REQUIREMENT → Search the data below, and report every line in which "forall" occurs.
━━━━━━━━━━━━━━━━━━━━
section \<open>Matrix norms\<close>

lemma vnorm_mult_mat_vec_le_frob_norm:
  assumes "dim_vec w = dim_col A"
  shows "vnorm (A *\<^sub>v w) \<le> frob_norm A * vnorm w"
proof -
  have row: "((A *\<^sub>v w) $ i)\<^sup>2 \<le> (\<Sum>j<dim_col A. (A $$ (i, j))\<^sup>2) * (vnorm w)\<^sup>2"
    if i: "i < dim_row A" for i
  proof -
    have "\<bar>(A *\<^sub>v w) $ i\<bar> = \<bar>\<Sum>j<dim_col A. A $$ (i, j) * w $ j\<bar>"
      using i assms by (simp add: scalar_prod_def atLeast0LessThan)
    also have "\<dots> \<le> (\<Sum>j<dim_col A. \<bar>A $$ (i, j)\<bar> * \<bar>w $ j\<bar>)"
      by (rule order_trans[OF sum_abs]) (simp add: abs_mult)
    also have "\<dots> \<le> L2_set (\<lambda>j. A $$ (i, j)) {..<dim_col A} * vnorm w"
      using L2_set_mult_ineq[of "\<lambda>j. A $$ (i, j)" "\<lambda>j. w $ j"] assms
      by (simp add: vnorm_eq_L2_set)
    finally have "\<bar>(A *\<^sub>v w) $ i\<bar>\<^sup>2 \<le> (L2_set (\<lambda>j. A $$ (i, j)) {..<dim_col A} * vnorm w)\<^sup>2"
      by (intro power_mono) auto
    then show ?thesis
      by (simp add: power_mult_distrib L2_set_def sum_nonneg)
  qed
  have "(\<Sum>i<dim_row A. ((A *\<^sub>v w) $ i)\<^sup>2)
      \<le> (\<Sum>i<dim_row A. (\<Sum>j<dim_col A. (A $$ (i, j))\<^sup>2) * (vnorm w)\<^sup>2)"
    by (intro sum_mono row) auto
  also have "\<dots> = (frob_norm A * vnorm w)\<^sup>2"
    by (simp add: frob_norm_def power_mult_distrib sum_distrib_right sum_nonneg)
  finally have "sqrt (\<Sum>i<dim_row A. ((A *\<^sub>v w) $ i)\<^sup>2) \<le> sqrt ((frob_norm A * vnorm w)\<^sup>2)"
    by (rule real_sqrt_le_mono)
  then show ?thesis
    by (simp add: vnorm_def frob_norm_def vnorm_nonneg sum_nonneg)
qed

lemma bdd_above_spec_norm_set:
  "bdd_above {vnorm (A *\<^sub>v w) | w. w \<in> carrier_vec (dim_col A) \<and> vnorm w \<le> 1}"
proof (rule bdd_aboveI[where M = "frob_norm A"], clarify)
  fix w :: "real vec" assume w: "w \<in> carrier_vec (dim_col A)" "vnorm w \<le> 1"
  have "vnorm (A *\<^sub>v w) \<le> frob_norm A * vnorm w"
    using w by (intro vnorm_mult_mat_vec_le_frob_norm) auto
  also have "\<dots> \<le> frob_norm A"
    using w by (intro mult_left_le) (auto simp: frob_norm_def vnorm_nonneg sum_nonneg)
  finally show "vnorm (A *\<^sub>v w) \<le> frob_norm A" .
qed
━━━━━━━━━━━━━━━━━━━━
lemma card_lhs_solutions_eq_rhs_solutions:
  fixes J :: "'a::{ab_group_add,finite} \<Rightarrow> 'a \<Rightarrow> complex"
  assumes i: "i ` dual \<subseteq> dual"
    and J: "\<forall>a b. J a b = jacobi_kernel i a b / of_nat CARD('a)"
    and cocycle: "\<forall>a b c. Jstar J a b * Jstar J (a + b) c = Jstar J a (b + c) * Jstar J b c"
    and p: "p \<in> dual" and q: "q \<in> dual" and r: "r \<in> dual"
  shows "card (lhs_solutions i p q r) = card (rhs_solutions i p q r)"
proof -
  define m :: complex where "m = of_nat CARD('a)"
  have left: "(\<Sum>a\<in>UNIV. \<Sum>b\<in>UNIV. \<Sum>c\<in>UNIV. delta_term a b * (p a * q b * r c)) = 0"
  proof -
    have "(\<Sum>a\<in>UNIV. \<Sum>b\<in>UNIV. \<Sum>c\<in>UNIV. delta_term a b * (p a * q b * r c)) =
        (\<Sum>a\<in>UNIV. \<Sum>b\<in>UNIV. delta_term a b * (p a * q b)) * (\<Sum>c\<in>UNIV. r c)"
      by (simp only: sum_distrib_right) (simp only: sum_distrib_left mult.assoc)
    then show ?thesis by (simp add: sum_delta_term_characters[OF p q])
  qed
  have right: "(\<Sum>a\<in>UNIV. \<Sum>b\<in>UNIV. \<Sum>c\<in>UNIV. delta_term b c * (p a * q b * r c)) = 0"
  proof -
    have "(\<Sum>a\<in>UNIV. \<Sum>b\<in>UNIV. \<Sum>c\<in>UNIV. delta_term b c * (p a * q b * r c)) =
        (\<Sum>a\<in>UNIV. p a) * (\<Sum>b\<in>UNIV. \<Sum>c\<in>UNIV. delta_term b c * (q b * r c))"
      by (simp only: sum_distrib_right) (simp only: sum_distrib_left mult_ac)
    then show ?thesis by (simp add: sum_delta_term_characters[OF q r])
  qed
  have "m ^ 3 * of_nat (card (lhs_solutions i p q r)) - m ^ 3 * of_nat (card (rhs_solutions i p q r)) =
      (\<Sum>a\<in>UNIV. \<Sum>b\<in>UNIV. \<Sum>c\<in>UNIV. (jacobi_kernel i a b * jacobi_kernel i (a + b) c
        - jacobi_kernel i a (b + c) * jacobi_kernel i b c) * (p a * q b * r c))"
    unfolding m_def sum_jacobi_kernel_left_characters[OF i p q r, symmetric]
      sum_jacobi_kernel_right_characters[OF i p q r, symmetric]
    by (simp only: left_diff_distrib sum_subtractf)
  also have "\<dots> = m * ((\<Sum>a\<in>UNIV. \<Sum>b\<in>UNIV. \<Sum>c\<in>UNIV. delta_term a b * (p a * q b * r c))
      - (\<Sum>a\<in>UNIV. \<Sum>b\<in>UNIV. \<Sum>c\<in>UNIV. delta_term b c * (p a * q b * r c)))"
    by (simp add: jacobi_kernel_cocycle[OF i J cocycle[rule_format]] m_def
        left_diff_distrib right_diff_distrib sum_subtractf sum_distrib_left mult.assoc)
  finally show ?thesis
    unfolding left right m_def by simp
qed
━━━━━━━━━━━━━━━━━━━━
COMPLETED EXERCISE →
    and J: "\<forall>a b. J a b = jacobi_kernel i a b / of_nat CARD('a)"
    and cocycle: "\<forall>a b c. Jstar J a b * Jstar J (a + b) c = Jstar J a (b + c) * Jstar J b c"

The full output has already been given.